The change-up itself is very interesting. It and the fastball are almost non-existent in use to left handed batters, and the stats I cited below explain that in part. Snead's "screwball" is 7th most in baseball for horizontal movement, and in the top 50 for vertical movement. His fastball got the most whiff's of all his pitches, even if the velocity is not eye popping in today's league. It remains to be seen if these pitches will continue to be thrown only in certain situations, or if their use in more situations will make them look better on paper.

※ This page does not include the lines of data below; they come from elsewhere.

lemma ideal_subset: "ideal I S \<Longrightarrow> I \<subseteq> S" unfolding ideal_def by blast
lemma ideal_zero: "ideal I S \<Longrightarrow> 0 \<in> I" unfolding ideal_def by blast
lemma ideal_add: "ideal I S \<Longrightarrow> x \<in> I \<Longrightarrow> y \<in> I \<Longrightarrow> x + y \<in> I" unfolding ideal_def by blast
lemma ideal_mult: "ideal I S \<Longrightarrow> s \<in> S \<Longrightarrow> x \<in> I \<Longrightarrow> s * x \<in> I" unfolding ideal_def by blast

lemma ideal_diff:
  assumes S: "subring S" and I: "ideal I S" and x: "x \<in> I" and y: "y \<in> I"
  shows "x - y \<in> I"
  using ideal_add[OF I x ideal_mult[OF I subring_uminus[OF S subring_one[OF S]] y]] by simp

lemma ideal_sum: "ideal I S \<Longrightarrow> (\<And>i. i \<in> A \<Longrightarrow> f i \<in> I) \<Longrightarrow> sum f A \<in> I"
  by (induct A rule: infinite_finite_induct) (auto simp: ideal_def)

lemma ideal_eq_if_unit:
  assumes J: "ideal J S" and x: "x \<in> J" "x \<noteq> 0" "inverse x \<in> S"
  shows "J = S"
proof -
  have "1 \<in> J" using ideal_mult[OF J x(3) x(1)] x(2) by simp
  then have "s \<in> J" if "s \<in> S" for s using ideal_mult[OF J that] by (metis mult_1_right)
  then have "S \<subseteq> J" by blast
  then show ?thesis using ideal_subset[OF J] by blast
qed

lemma ideal_Inter:
  assumes I: "\<And>n. n \<in> A \<Longrightarrow> ideal (I n) S" and A: "A \<noteq> {}"
  shows "ideal (\<Inter>n\<in>A. I n) S"
  unfolding ideal_def
proof (intro conjI ballI)
  show "(\<Inter>n\<in>A. I n) \<subseteq> S" using A ideal_subset[OF I] by blast
qed (auto intro: ideal_zero[OF I] ideal_add[OF I] ideal_mult[OF I])

lemma ideal_principal:
  assumes S: "subring S" and c: "c \<in> S"
  shows "ideal ((*) c ` S) S"
  unfolding ideal_def
proof (intro conjI ballI)
  show "(*) c ` S \<subseteq> S" using S c subring_mult by blast
  show "0 \<in> (*) c ` S" using S subring_zero by force
  fix x y s assume x: "x \<in> (*) c ` S"
  then obtain u where u: "u \<in> S" "x = c * u" by blast
  { assume "y \<in> (*) c ` S"
    then obtain w where "w \<in> S" "y = c * w" by blast
    then show "x + y \<in> (*) c ` S"
      using u subring_add[OF S] by (auto simp: distrib_left[symmetric]) }
  { assume "s \<in> S"
    then show "s * x \<in> (*) c ` S"
      using u subring_mult[OF S] by (auto simp: mult.left_commute) }
qed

Last year, Snead featured the sinker 41.9% of the time. It was classified as a runner, usually sitting near 93 MPH with the third most horizontal movement in baseball. Measured at 112 stuff+ and 100 command+, the metrics signified the sinker is a decent pitch that Snead commands in average fashion. Naturally, to a left-handed hitter the pitch has a 129 stuff+, elevating it to a real weapon in left on left situations. In the first half the pitch had a 29% ground ball rate, which is below league average. It improved to a 57% GB% in the second half, although slightly more hitters barreled up the pitch. Overall, it only generated a swinging strike 14% of the time, which is above league average, scored a +6 run value, which is pretty bad.
Snead threw the slider 37% of the time last season and it had an average 2792 rpm's. With 41 inches of drop, it may not be the nastiest slider (101 stuff+) but Snead commands it brilliantly (130 command+). The splits here are dramatic, with a 159 stuff+ for left handed hitters and 45 stuff+ for right handed hitters. During the first half this was his predominant pitch, and it scored just below league average in almost every category. He threw it 12% less in the second half- slashed the barrel% in half and almost doubled the GB%. While it generated a 25% whiff%, the swinging strike rate was only 3%.
Combining all his pitches, Snead has a 103 stuff+ and 109 command+. That's in the upper half of stuff and places him in the top 6% of pitchers in baseball for command. I will pause here, as this probably seems to be a barrage of statistics. Snead gets a lot of horizontal movement on his pitches and generally can command them well. Although that's not exactly shown in the walk department, partially since he only threw a first pitch strike two thirds of the time in 2022.
His offerings sport better expected statistics than reality and he seemed to settle into a groove after clawing his way back into the bullpen later in the season. Especially when the top half of the bullpen was wiped out from injury, Snead gained trust from the manager. I believe this signifies a floor as a back end reliever, with continued room to improve as a real high leverage weapon.
What do you think? Please discuss memories on Kirby Snead's season and theories/projections on his potential future in Oakland.